Two to four bone marrow (BM) aspirates were collected from each patient in EDTA tubes and processed as individual samples. Mononuclear cells were isolated by density gradient upon receipt. They were analyzed by qRT-PCR in patients whose primary tumor expressed type 1 or type 2 EWS-FLI1 transcripts. The rest of BMs were analyzed by RT-PCR and gel electrophoresis, using the same primer pairs and conditions described above. When the fusion gene of a primary tumor was unknown, both qRT-PCR and conventional RT-PCR were performed.
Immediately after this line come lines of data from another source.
(* Let $m$ be a positive integer, $\lambda\in\mathbb{R}$ with $|\lambda-m|<1/10$, $R=\sqrt\lambda$, $w=(0,2)$. If $v\in V_2$ satisfies $B:=|\langle v,w\rangle|\ge R^{1/3}$, then, as $R\to\infty$, $$|S_w(v)|\ll\frac{\log^2 B}{B^2},$$ with an absolute implied constant.
   Context: For $v\in\mathbb{Z}^2$, $c(v)=\frac{1}{|v|^2-\lambda}$ and $C(v,w)=c(v)c(v+w)$. $V_2=\{v\in\mathbb{Z}^2: C(v,w)<0,\ |v|^2\ne m,\ |v+w|^2\ne m,\ \sqrt R/2\le|\langle v,w\rangle|\le3R\}$. $\operatorname{Nbr}_w(v)=\{C(v-w,w)+C(v,w),\ C(v,w)+C(v+w,w)\}$ and $S_w(v)$ is the element of $\operatorname{Nbr}_w(v)$ of smallest absolute value (the smaller one in case of a tie). *)

theory Defs
  imports Complex_Main
begin

definition vadd :: "int \<times> int \<Rightarrow> int \<times> int \<Rightarrow> int \<times> int" where
  "vadd v w = (fst v + fst w, snd v + snd w)"

definition vsub :: "int \<times> int \<Rightarrow> int \<times> int \<Rightarrow> int \<times> int" where
  "vsub v w = (fst v - fst w, snd v - snd w)"

definition normsq :: "int \<times> int \<Rightarrow> int" where
  "normsq v = (fst v)^2 + (snd v)^2"

definition zinner :: "int \<times> int \<Rightarrow> int \<times> int \<Rightarrow> int" where
  "zinner v w = fst v * fst w + snd v * snd w"

definition cfun :: "real \<Rightarrow> int \<times> int \<Rightarrow> real" where
  "cfun lam v = 1 / (real_of_int (normsq v) - lam)"

definition Cfun :: "real \<Rightarrow> int \<times> int \<Rightarrow> int \<times> int \<Rightarrow> real" where
  "Cfun lam v w = cfun lam v * cfun lam (vadd v w)"

definition V2 :: "real \<Rightarrow> int \<Rightarrow> int \<times> int \<Rightarrow> (int \<times> int) set" where
  "V2 lam m w = {v. Cfun lam v w < 0 \<and> normsq v \<noteq> m \<and> normsq (vadd v w) \<noteq> m \<and>
      sqrt (sqrt lam) / 2 \<le> \<bar>real_of_int (zinner v w)\<bar> \<and>
      \<bar>real_of_int (zinner v w)\<bar> \<le> 3 * sqrt lam}"

definition Nbr :: "real \<Rightarrow> int \<times> int \<Rightarrow> int \<times> int \<Rightarrow> real set" where
  "Nbr lam w v = {Cfun lam (vsub v w) w + Cfun lam v w, Cfun lam v w + Cfun lam (vadd v w) w}"

definition Sw :: "real \<Rightarrow> int \<times> int \<Rightarrow> int \<times> int \<Rightarrow> real" where
  "Sw lam w v =
     (let a = Cfun lam (vsub v w) w + Cfun lam v w;
          b = Cfun lam v w + Cfun lam (vadd v w) w
      in if \<bar>a\<bar> < \<bar>b\<bar> then a else if \<bar>b\<bar> < \<bar>a\<bar> then b else min a b)"

end

theory Submission
  imports Defs
begin

text \<open>Put x = |v|^2 - lambda, and let u, y, z be the same quantity at v - w, v + w, v + 2w.
  These are consecutive values of a quadratic with second difference 2|w|^2 = 8, so
  C(v-w,w) + C(v,w) = (u + y)/(u x y) = (2x + 8)/(u x y), and similarly for the other
  neighbour sum. Since C(v,w) < 0, x and y have opposite signs and |x| + |y| = |y - x| = 2B + O(1);
  the larger of |x|, |y| is then about B, and the outer value next to it is even further
  from zero, which makes one of the two neighbour sums O(1/B^2).\<close>

lemma normsq_vadd:
  "normsq (vadd v w) = normsq v + 2 * zinner v w + normsq w"
  by (simp add: normsq_def vadd_def zinner_def power2_eq_square algebra_simps)

lemma normsq_parallelogram:
  "normsq (vadd v w) + normsq (vsub v w) = 2 * normsq v + 2 * normsq w"
  by (simp add: normsq_def vadd_def vsub_def power2_eq_square algebra_simps)

lemma vsub_vadd_cancel [simp]: "vsub (vadd v w) w = v"
  by (simp add: vadd_def vsub_def)

lemma vadd_vsub_cancel [simp]: "vadd (vsub v w) w = v"
  by (simp add: vadd_def vsub_def)

lemma abs_Sw_eq_min:
  "\<bar>Sw lam w v\<bar> = min \<bar>Cfun lam (vsub v w) w + Cfun lam v w\<bar> \<bar>Cfun lam v w + Cfun lam (vadd v w) w\<bar>"
  by (auto simp: Sw_def Let_def min_def)

lemma abs_of_int_minus_ge:
  fixes n m :: int and lam :: real
  assumes "n \<noteq> m" "\<bar>lam - real_of_int m\<bar> < 1/10"
  shows "\<bar>real_of_int n - lam\<bar> \<ge> 9/10"
proof -
  have "\<bar>real_of_int n - real_of_int m\<bar> \<ge> 1"
  proof -
    have "\<bar>n - m\<bar> \<ge> 1" using assms(1) by linarith
    then show ?thesis by (metis of_int_1_le_iff of_int_abs of_int_diff)
  qed
  then show ?thesis using assms(2) by linarith
qed

lemma neighbour_sum_bound:
  fixes u x y :: real
  assumes second_diff: "u + y = 2 * x + 8" and opposite: "x * y < 0"
    and x_far: "\<bar>x\<bar> \<ge> 4/5" and y_large: "\<bar>y - x\<bar> \<le> 2 * \<bar>y\<bar>" and gap: "\<bar>y - x\<bar> > 8"
  shows "\<bar>1/u * (1/x) + 1/x * (1/y)\<bar> \<le> 24 / (\<bar>y - x\<bar> * (\<bar>y - x\<bar> - 8))"
proof -
  define d where "d = \<bar>y - x\<bar>"
  have x0: "x \<noteq> 0" and y0: "y \<noteq> 0" using opposite by auto
  \<comment> \<open>u = x - (y - x) + 8, and x and x - y have the same sign\<close>
  have u_large: "\<bar>u\<bar> \<ge> d - 8"
    using second_diff opposite unfolding d_def
    by (cases "x < 0"; cases "y < 0") (auto simp: mult_less_0_iff)
  then have u0: "u \<noteq> 0" and u_pos: "\<bar>u\<bar> > 0" using gap d_def by auto
  have "1/u * (1/x) + 1/x * (1/y) = (2 * x + 8) / (x * (u * y))"
    using x0 y0 u0 second_diff by (simp add: field_simps)
  then have "\<bar>1/u * (1/x) + 1/x * (1/y)\<bar> = \<bar>2 * x + 8\<bar> / \<bar>x\<bar> / (\<bar>u\<bar> * \<bar>y\<bar>)"
    by (simp add: abs_mult divide_divide_eq_left mult.commute)
  also have "\<dots> \<le> 12 / (\<bar>u\<bar> * \<bar>y\<bar>)"
    using x_far x0 u_pos y0 by (intro divide_right_mono) (auto simp: divide_le_eq)
  also have "\<dots> \<le> 12 / ((d - 8) * (d / 2))"
    using u_large y_large gap u_pos unfolding d_def
    by (intro divide_left_mono mult_mono) auto
  also have "\<dots> = 24 / (d * (d - 8))" by (simp add: field_simps)
  finally show ?thesis unfolding d_def .
qed

lemma min_neighbour_sums_bound:
  fixes u x y z :: real
  assumes "u + y = 2 * x + 8" "x + z = 2 * y + 8" "x * y < 0"
    and "\<bar>x\<bar> \<ge> 4/5" "\<bar>y\<bar> \<ge> 4/5" "\<bar>y - x\<bar> > 8"
  shows "min \<bar>1/u * (1/x) + 1/x * (1/y)\<bar> \<bar>1/x * (1/y) + 1/y * (1/z)\<bar>
           \<le> 24 / (\<bar>y - x\<bar> * (\<bar>y - x\<bar> - 8))"
proof -
  have "\<bar>y - x\<bar> = \<bar>x\<bar> + \<bar>y\<bar>"
    using assms(3) by (auto simp: mult_less_0_iff)
  then consider "\<bar>y - x\<bar> \<le> 2 * \<bar>y\<bar>" | "\<bar>x - y\<bar> \<le> 2 * \<bar>x\<bar>" by linarith
  then show ?thesis
  proof cases
    case 1
    then show ?thesis using neighbour_sum_bound[of u y x] assms by (simp add: min.coboundedI1)
  next
    case 2
    then have "\<bar>1/z * (1/y) + 1/y * (1/x)\<bar> \<le> 24 / (\<bar>x - y\<bar> * (\<bar>x - y\<bar> - 8))"
      using neighbour_sum_bound[of z x y] assms by (simp add: algebra_simps abs_minus_commute)
    then show ?thesis by (simp add: abs_minus_commute mult.commute min.coboundedI2)
  qed
qed

lemma gap_product_ge_square:
  fixes B :: real
  assumes "\<bar>B\<bar> \<ge> 12"
  shows "B^2 \<le> \<bar>2 * B + 4\<bar> * (\<bar>2 * B + 4\<bar> - 8)"
proof -
  have "\<bar>B\<bar> \<le> \<bar>2 * B + 4\<bar>" "\<bar>B\<bar> \<le> \<bar>2 * B + 4\<bar> - 8" using assms by linarith+
  then have "\<bar>B\<bar> * \<bar>B\<bar> \<le> \<bar>2 * B + 4\<bar> * (\<bar>2 * B + 4\<bar> - 8)" by (intro mult_mono) auto
  then show ?thesis by (simp add: power2_eq_square abs_mult[symmetric])
qed

lemma abs_Sw_le_inverse_square:
  assumes w4: "normsq w = 4" and lam_near: "\<bar>lam - real_of_int m\<bar> < 1/10"
    and "Cfun lam v w < 0" "normsq v \<noteq> m" "normsq (vadd v w) \<noteq> m"
    and B12: "\<bar>real_of_int (zinner v w)\<bar> \<ge> 12"
  shows "\<bar>Sw lam w v\<bar> \<le> 24 / (real_of_int (zinner v w))^2"
proof -
  define B where "B = real_of_int (zinner v w)"
  define f where "f t = real_of_int (normsq t) - lam" for t
  have second_diff: "f (vsub t w) + f (vadd t w) = 2 * f t + 8" for t
  proof -
    have "real_of_int (normsq (vadd t w) + normsq (vsub t w)) = real_of_int (2 * normsq t + 2 * normsq w)"
      using normsq_parallelogram[of t w] by presburger
    then show ?thesis using w4 unfolding f_def by simp
  qed
  have step: "f (vadd v w) - f v = 2 * B + 4"
    using normsq_vadd[of v w] w4 unfolding f_def B_def by simp
  have opposite: "f v * f (vadd v w) < 0"
    and far: "\<bar>f v\<bar> \<ge> 4/5" "\<bar>f (vadd v w)\<bar> \<ge> 4/5"
    using assms(3-5) abs_of_int_minus_ge[OF _ lam_near]
    by (fastforce simp: Cfun_def cfun_def f_def divide_less_0_iff)+
  have Cfun_f: "Cfun lam t w = 1 / f t * (1 / f (vadd t w))" for t
    by (simp add: Cfun_def cfun_def f_def)
  have "\<bar>Sw lam w v\<bar> \<le> 24 / (\<bar>f (vadd v w) - f v\<bar> * (\<bar>f (vadd v w) - f v\<bar> - 8))"
    unfolding abs_Sw_eq_min Cfun_f vadd_vsub_cancel
    using min_neighbour_sums_bound[OF second_diff[of v] _ opposite far] second_diff[of "vadd v w"]
      step B12 B_def by simp
  also have "\<dots> \<le> 24 / B^2"
    using gap_product_ge_square[of B] B12 unfolding step B_def
    by (intro divide_left_mono) (auto simp: zero_less_mult_iff)
  finally show ?thesis unfolding B_def .
qed

theorem lemma5p4:
  "\<exists>K::real. \<exists>R0::real. \<forall>(m::int) (lam::real) (v::int \<times> int).
     m \<ge> 1 \<longrightarrow> \<bar>lam - real_of_int m\<bar> < 1/10 \<longrightarrow> sqrt lam \<ge> R0 \<longrightarrow>
     v \<in> V2 lam m (0, 2) \<longrightarrow>
     \<bar>real_of_int (zinner v (0, 2))\<bar> \<ge> root 3 (sqrt lam) \<longrightarrow>
     \<bar>Sw lam (0, 2) v\<bar> \<le> K * (ln \<bar>real_of_int (zinner v (0, 2))\<bar>)^2
                              / (real_of_int (zinner v (0, 2)))^2"
proof (intro exI allI impI)
  fix m :: int and lam :: real and v :: "int \<times> int"
  assume lam_near: "\<bar>lam - real_of_int m\<bar> < 1/10" and R_large: "sqrt lam \<ge> 1728"
    and v_V2: "v \<in> V2 lam m (0, 2)" and B_large: "\<bar>real_of_int (zinner v (0, 2))\<bar> \<ge> root 3 (sqrt lam)"
    and "m \<ge> 1"
  define B where "B = real_of_int (zinner v (0, 2))"
  have "root 3 (1728::real) = 12" by (rule real_root_pos_unique) auto
  then have B12: "\<bar>B\<bar> \<ge> 12"
    using B_large real_root_le_mono[of 3 1728 "sqrt lam"] R_large unfolding B_def by linarith
  have "\<bar>Sw lam (0, 2) v\<bar> \<le> 24 / B^2"
    using abs_Sw_le_inverse_square[OF _ lam_near] v_V2 B12
    unfolding B_def by (simp add: V2_def normsq_def)
  also have "\<dots> \<le> 24 * (ln \<bar>B\<bar>)^2 / B^2"
  proof -
    have "exp 1 \<le> \<bar>B\<bar>" using exp_le B12 by linarith
    then have "1 \<le> ln \<bar>B\<bar>" using ln_ge_iff[of "\<bar>B\<bar>" 1] B12 by simp
    then show ?thesis by (intro divide_right_mono) (auto simp: one_le_power)
  qed
  finally show "\<bar>Sw lam (0, 2) v\<bar> \<le> 24 * (ln \<bar>real_of_int (zinner v (0, 2))\<bar>)^2
                              / (real_of_int (zinner v (0, 2)))^2"
    unfolding B_def .
qed

end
Cell lines were serially diluted in normal BM mononuclear cells to estimate bone marrow infiltration. RNA of serially diluted cell lines was isolated and cDNA synthesis was performed in parallel with bone marrow aspirate samples. Aliquots of these cDNAs were amplified with primers and probes for EWS-FLI1 transcripts (5′-AGC CAA GCT CCA AGT CAA TAT AG-3′, 5′-TCC TCT TCT GAC TGA GTC ATA AG-3′ and probe 5′-FAM-AAC AGA GCA GCA GCT ACG GGC AGC A-TAMRA-3′) and for abl as control gene 11.

mP6 Therapy

The mP6 protocol consists of five cycles of chemotherapy. Two days of high-dose cyclophosphamide and 3 days of 1-hr infusion doxorubicin and vincristine (CDV) were given during cycles 1, 2, and 4. The CDV courses consisted of cyclophosphamide 4.2 g/m2, doxorubicin 75 mg/m2, and vincristine 2 mg/m2. Cycles 3 and 5 consisted of ifosfamide and etoposide (IE) given as 1-hr infusions on five consecutive days. IE courses: ifosfamide 9 g/m2 and etoposide 500 mg/m2. Course 5 ifosfamide was 14 g/m2 (2.8 g/m2/day × 5) if necrosis was <90%. Cyclophosphamide and ifosfamide were given with vigorous hydration, anti-emetics, and an equivalent daily dose of mesna administered as a continuous 24-hr intravenous infusion. Each cycle begins shortly after the patient's post-nadir neutrophil count reached 500/µl and the platelet count reached 75,000/µl. After each cycle of chemotherapy, granulocyte colony-stimulating factor was used to shorten the duration of neutropenia. Surgical resection was scheduled after recovery from course 3 and radiotherapy (RT) was scheduled after completion of all chemotherapy. Gross total resection (GTR) is defined as the surgical excision of the entire visible tumor, regardless of the presence of microscopic disease at the margins. In general, 40–45 Gy was administered for microscopic margins and 50–56 Gy was administered for gross disease. All patients underwent GTR, RT, or both.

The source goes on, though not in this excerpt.